DESCRIPTION OF THE TASK: Below are entries; output exactly the lines from the one with "sum.distrib algebra_simps)" to the one with "j))) \<le> j \<and>", both included, and nothing else.

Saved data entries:
○ ○ ○ ○ ○ ○ ○

lemma coeff_funpow_ymult_const_Suc: "coeff ((ymult h ^^ Suc j) [:r:]) j = of_nat (Suc j) * hder h r"
proof (induction j)
  case 0
  then show ?case by (simp add: coeff_ymult)
next
  case (Suc j)
  then show ?case
    using coeff_funpow_ymult_const[where h = h and j = "Suc j" and r = r]
    by (simp add: coeff_ymult algebra_simps)
qed

lemma relation_der_add: "relation_der h (u + u') (v + v') = relation_der h u v + relation_der h u' v'"
  by (simp add: relation_der_def hdiff_def amult_left.add amult_right.add smult_add_right
      sum.distrib algebra_simps)

lemma relation_der_monom_left:
  "degree (relation_der h (monom p j) 0) \<le> j \<and>
   coeff (relation_der h (monom p j) 0) j = h * pderiv p - pderiv h * p"
proof -
  define r where "r = (\<Sum>n\<le>degree h. \<Sum>i<n.
    smult (monom (coeff h n) (n - 1 - i)) (smult p ((ymult h ^^ j) (x_pow i))))"
  have eq: "relation_der h (monom p j) 0 = monom (hder h p) j - r"
    by (simp add: r_def relation_der_def hdiff_def amult_gen_y_left amult_gen_y_right ymult_monom
        monom_Suc amult_monom_left)
  have "degree r \<le> j"
    unfolding r_def x_pow_def
    by (intro degree_sum_le order.trans[OF degree_smult_le] degree_funpow_ymult_const) auto
  moreover have "coeff r j = p * pderiv h"
    by (simp only: r_def coeff_sum coeff_smult x_pow_def coeff_funpow_ymult_const pderiv_eq_sum
        sum_distrib_left mult.left_commute)
  ultimately show ?thesis
    unfolding eq by (auto simp: hder_def mult.commute intro: degree_diff_le degree_monom_le)
qed

lemma relation_der_monom_right:
  "degree (relation_der h 0 (monom q (Suc j))) \<le> j \<and>
   coeff (relation_der h 0 (monom q (Suc j))) j = of_nat (Suc j) * h * q"
proof -
  define w where "w = (ymult h ^^ Suc j) [:[:0, 1:]:]"
  have eq: "relation_der h 0 (monom q (Suc j)) = smult q w - monom ([:0, 1:] * q) (Suc j)"
    by (simp add: relation_der_def hdiff_def w_def amult_monom_left gen_x_def amult_const_left
        smult_monom)
  have "degree (smult q w - monom ([:0, 1:] * q) (Suc j)) \<le> Suc j"
    using degree_funpow_ymult_const[where h = h and j = "Suc j" and r = "[:0, 1:]"] unfolding w_def
    by (meson degree_diff_le degree_monom_le degree_smult_le order_trans)
  moreover have "coeff (smult q w - monom ([:0, 1:] * q) (Suc j)) (Suc j) = 0"
    using coeff_funpow_ymult_const[where h = h and j = "Suc j" and r = "[:0, 1:]"]
    by (simp add: w_def mult.commute)
  ultimately have "degree (smult q w - monom ([:0, 1:] * q) (Suc j)) \<le> j"
    by (rule degree_le_pred)
  moreover have "coeff (smult q w - monom ([:0, 1:] * q) (Suc j)) j = of_nat (Suc j) * h * q"
    using coeff_funpow_ymult_const_Suc[where h = h and j = j and r = "[:0, 1:]"]
    by (simp add: w_def hder_X ac_simps)
  ultimately show ?thesis
    by (simp add: eq)
qed

text \<open>The leading coefficient \<open>g s\<close> is reached through the Bezout identity
  \<open>\<alpha> h + \<beta> h' = g\<close>, using \<open>(u, v) = (- \<beta> s y\<^sup>j, q y\<^sup>j\<^sup>+\<^sup>1)\<close> with \<open>(j + 1) q = \<alpha> s + (\<beta> s)'\<close>.\<close>

lemma relation_der_leading_coeff:
  fixes h g :: "'a::field_char_0 poly"
  assumes bezout: "\<alpha> * h + \<beta> * pderiv h = g"
  obtains u v where "degree (relation_der h u v) \<le> j" "coeff (relation_der h u v) j = g * s"
proof -
  define p where "p = - (\<beta> * s)"
  define q where "q = smult (inverse (of_nat (Suc j))) (\<alpha> * s + pderiv (\<beta> * s))"
  have "(of_nat (Suc j) :: 'a) \<noteq> 0"
    by (rule of_nat_neq_0)
  then have "of_nat (Suc j) * q = \<alpha> * s + pderiv (\<beta> * s)"
    by (simp add: q_def of_nat_poly del: of_nat_Suc)
  then have "of_nat (Suc j) * h * q = h * (\<alpha> * s + pderiv (\<beta> * s))"
    by (metis mult.assoc mult.commute)
  then have "h * pderiv p - pderiv h * p + of_nat (Suc j) * h * q = g * s"
    by (simp add: p_def pderiv_minus algebra_simps flip: bezout)
  then show ?thesis
    using that[of "monom p j" "monom q (Suc j)"]
      relation_der_add[of h "monom p j" 0 0 "monom q (Suc j)"]
      relation_der_monom_left[of h p j] relation_der_monom_right[of h q j]
    by (simp add: degree_add_le)
qed

lemma relation_der_onto:
  fixes h g :: "'a::field_char_0 poly"
  assumes "g dvd h" "g dvd pderiv h" "\<alpha> * h + \<beta> * pderiv h = g" "[:g:] dvd z"
  shows "\<exists>u v. z = relation_der h u v"
  using assms(4)
proof (induction "degree z" arbitrary: z rule: less_induct)
  case less
  obtain s where s: "coeff z (degree z) = g * s"
    using less.prems by (auto simp: const_poly_dvd_iff elim: dvdE)
  obtain u v where uv: "degree (relation_der h u v) \<le> degree z"
      "coeff (relation_der h u v) (degree z) = g * s"
    using relation_der_leading_coeff[OF assms(3)] by blast
  define z' where "z' = z - relation_der h u v"
  have "[:g:] dvd z'"
    unfolding z'_def using less.prems assms(1,2) by (intro dvd_diff relation_der_mod)
  show ?case
  proof (cases "z' = 0")
    case True
    then show ?thesis
      by (auto simp: z'_def)
  next
    case False
    have "degree z' \<le> degree z" "coeff z' (degree z) = 0"
      using uv s by (auto simp: z'_def intro: degree_diff_le)
    then have "degree z' < degree z"
      using False by (metis le_neq_implies_less leading_coeff_0_iff)
    then obtain u' v' where "z' = relation_der h u' v'"
      using less.hyps \<open>[:g:] dvd z'\<close> by blast
    then have "z = relation_der h (u + u') (v + v')"
      by (simp add: relation_der_add z'_def algebra_simps)
    then show ?thesis
      by blast
  qed
qed

lemma hoch_cocycle2_normalize:
  assumes "hoch_cocycle2 h c"
  obtains f where "flinear f" "\<And>a. c a 1 - hoch_cob h f a 1 = 0" "\<And>b. c 1 b - hoch_cob h f 1 b = 0"
proof
  define f where "f a = ascal (coeff (coeff a 0) 0) (c 1 1)" for a
  show "flinear f"
    unfolding f_def by (rule flinear_ascal_const_coeff)
  have f_1: "f 1 = c 1 1"
    by (simp add: f_def)
  show "c a 1 - hoch_cob h f a 1 = 0" for a
    using hoch_cocycle2_unit(2)[OF assms, of a] by (simp add: hoch_cob_def f_1)
  show "c 1 b - hoch_cob h f 1 b = 0" for b
    using hoch_cocycle2_unit(1)[OF assms, of b] by (simp add: hoch_cob_def f_1)
qed

lemma normalized_cocycle_coboundary:
  fixes h :: "'a::{field_char_0,field_gcd} poly"
  assumes "hoch_cocycle2 h c" "\<And>a. c a 1 = 0" "\<And>b. c 1 b = 0"
    and "[:gcd h (pderiv h):] dvd obstruction h c"
  shows "hoch_coboundary2 h c"
proof -
  have "\<exists>u v. - obstruction h c = relation_der h u v"
    using assms(4)
    by (intro relation_der_onto[where \<alpha> = "fst (bezout_coefficients h (pderiv h))"
          and \<beta> = "snd (bezout_coefficients h (pderiv h))"])
      (simp_all add: bezout_coefficients_fst_snd)
  then obtain u v where uv: "- obstruction h c = relation_der h u v"
    by blast
  have "obstruction h c + relation_der h u v = 0"
    unfolding uv[symmetric] by simp
  with assms(1-3) have "obstruction_in_image h c u v"
    by unfold_locales
  then show ?thesis
    by (rule obstruction_in_image.coboundary)
qed

lemma hoch_coboundary2_if_diff_hoch_cob:
  assumes "hoch_coboundary2 h (\<lambda>a b. c a b - hoch_cob h f a b)" "flinear f"
  shows "hoch_coboundary2 h c"
proof -
  obtain f' where f': "flinear f'" "(\<lambda>a b. c a b - hoch_cob h f a b) = hoch_cob h f'"
    using assms(1) by (auto simp: hoch_coboundary2_iff)
  have "c = hoch_cob h (\<lambda>z. f' z + f z)"
  proof (intro ext)
    fix a b
    show "c a b = hoch_cob h (\<lambda>z. f' z + f z) a b"
      using fun_cong[OF fun_cong[OF f'(2), of a], of b] by (simp add: hoch_cob_add diff_eq_eq)
  qed
  then show ?thesis
    using flinear_add_fun[OF f'(1) assms(2)] by (auto simp: hoch_coboundary2_iff)
qed

theorem hoch_coboundary2_iff_obstruction_dvd:
  fixes h :: "'a::{field_char_0,field_gcd} poly"
  assumes cocycle: "hoch_cocycle2 h c"
  shows "hoch_coboundary2 h c \<longleftrightarrow> [:gcd h (pderiv h):] dvd obstruction h c"
proof
  assume "hoch_coboundary2 h c"
  then show "[:gcd h (pderiv h):] dvd obstruction h c"
    by (rule obstruction_dvd_if_coboundary) simp_all
next
  assume obstruction_dvd: "[:gcd h (pderiv h):] dvd obstruction h c"
  obtain f where f: "flinear f" "\<And>a. c a 1 - hoch_cob h f a 1 = 0" "\<And>b. c 1 b - hoch_cob h f 1 b = 0"
    using hoch_cocycle2_normalize[OF cocycle] by blast
  have "[:gcd h (pderiv h):] dvd obstruction h (hoch_cob h f)"
    using f(1) by (intro obstruction_dvd_if_coboundary) (auto simp: hoch_coboundary2_iff)
  then have "[:gcd h (pderiv h):] dvd obstruction h (\<lambda>a b. c a b - hoch_cob h f a b)"
    using obstruction_dvd by (simp add: obstruction_diff dvd_diff)
  then have "hoch_coboundary2 h (\<lambda>a b. c a b - hoch_cob h f a b)"
    using f cocycle by (intro normalized_cocycle_coboundary hoch_cocycle2_diff hoch_cocycle2_hoch_cob)
  then show "hoch_coboundary2 h c"
    using f(1) by (rule hoch_coboundary2_if_diff_hoch_cob)
qed

lemma HH2_zero_iff:
  fixes h :: "'a::{field_char_0,field_gcd} poly"
  shows "HH2_zero h \<longleftrightarrow> gcd h (pderiv h) = 1"
proof
  assume "HH2_zero h"
  then have "hoch_coboundary2 h (cocycle_of h 1)"
    using hoch_cocycle2_cocycle_of by (auto simp: HH2_zero_def)
  then have "[:gcd h (pderiv h):] dvd [:1:]"
    by (simp add: hoch_coboundary2_iff_obstruction_dvd hoch_cocycle2_cocycle_of obstruction_cocycle_of
        pCons_one)
  then show "gcd h (pderiv h) = 1"
    by (intro gcd_eq_1_if_dvd_const[of h _ 1]) simp_all
next
  assume "gcd h (pderiv h) = 1"
  then show "HH2_zero h"
    by (simp add: HH2_zero_def hoch_coboundary2_iff_obstruction_dvd pCons_one)
qed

○ ○ ○ ○ ○ ○ ○

PROBLEM SOLUTION:
      sum.distrib algebra_simps)

lemma relation_der_monom_left:
  "degree (relation_der h (monom p j) 0) \<le> j \<and>
   coeff (relation_der h (monom p j) 0) j = h * pderiv p - pderiv h * p"
proof -
  define r where "r = (\<Sum>n\<le>degree h. \<Sum>i<n.
    smult (monom (coeff h n) (n - 1 - i)) (smult p ((ymult h ^^ j) (x_pow i))))"
  have eq: "relation_der h (monom p j) 0 = monom (hder h p) j - r"
    by (simp add: r_def relation_der_def hdiff_def amult_gen_y_left amult_gen_y_right ymult_monom
        monom_Suc amult_monom_left)
  have "degree r \<le> j"
    unfolding r_def x_pow_def
    by (intro degree_sum_le order.trans[OF degree_smult_le] degree_funpow_ymult_const) auto
  moreover have "coeff r j = p * pderiv h"
    by (simp only: r_def coeff_sum coeff_smult x_pow_def coeff_funpow_ymult_const pderiv_eq_sum
        sum_distrib_left mult.left_commute)
  ultimately show ?thesis
    unfolding eq by (auto simp: hder_def mult.commute intro: degree_diff_le degree_monom_le)
qed

lemma relation_der_monom_right:
  "degree (relation_der h 0 (monom q (Suc j))) \<le> j \<and>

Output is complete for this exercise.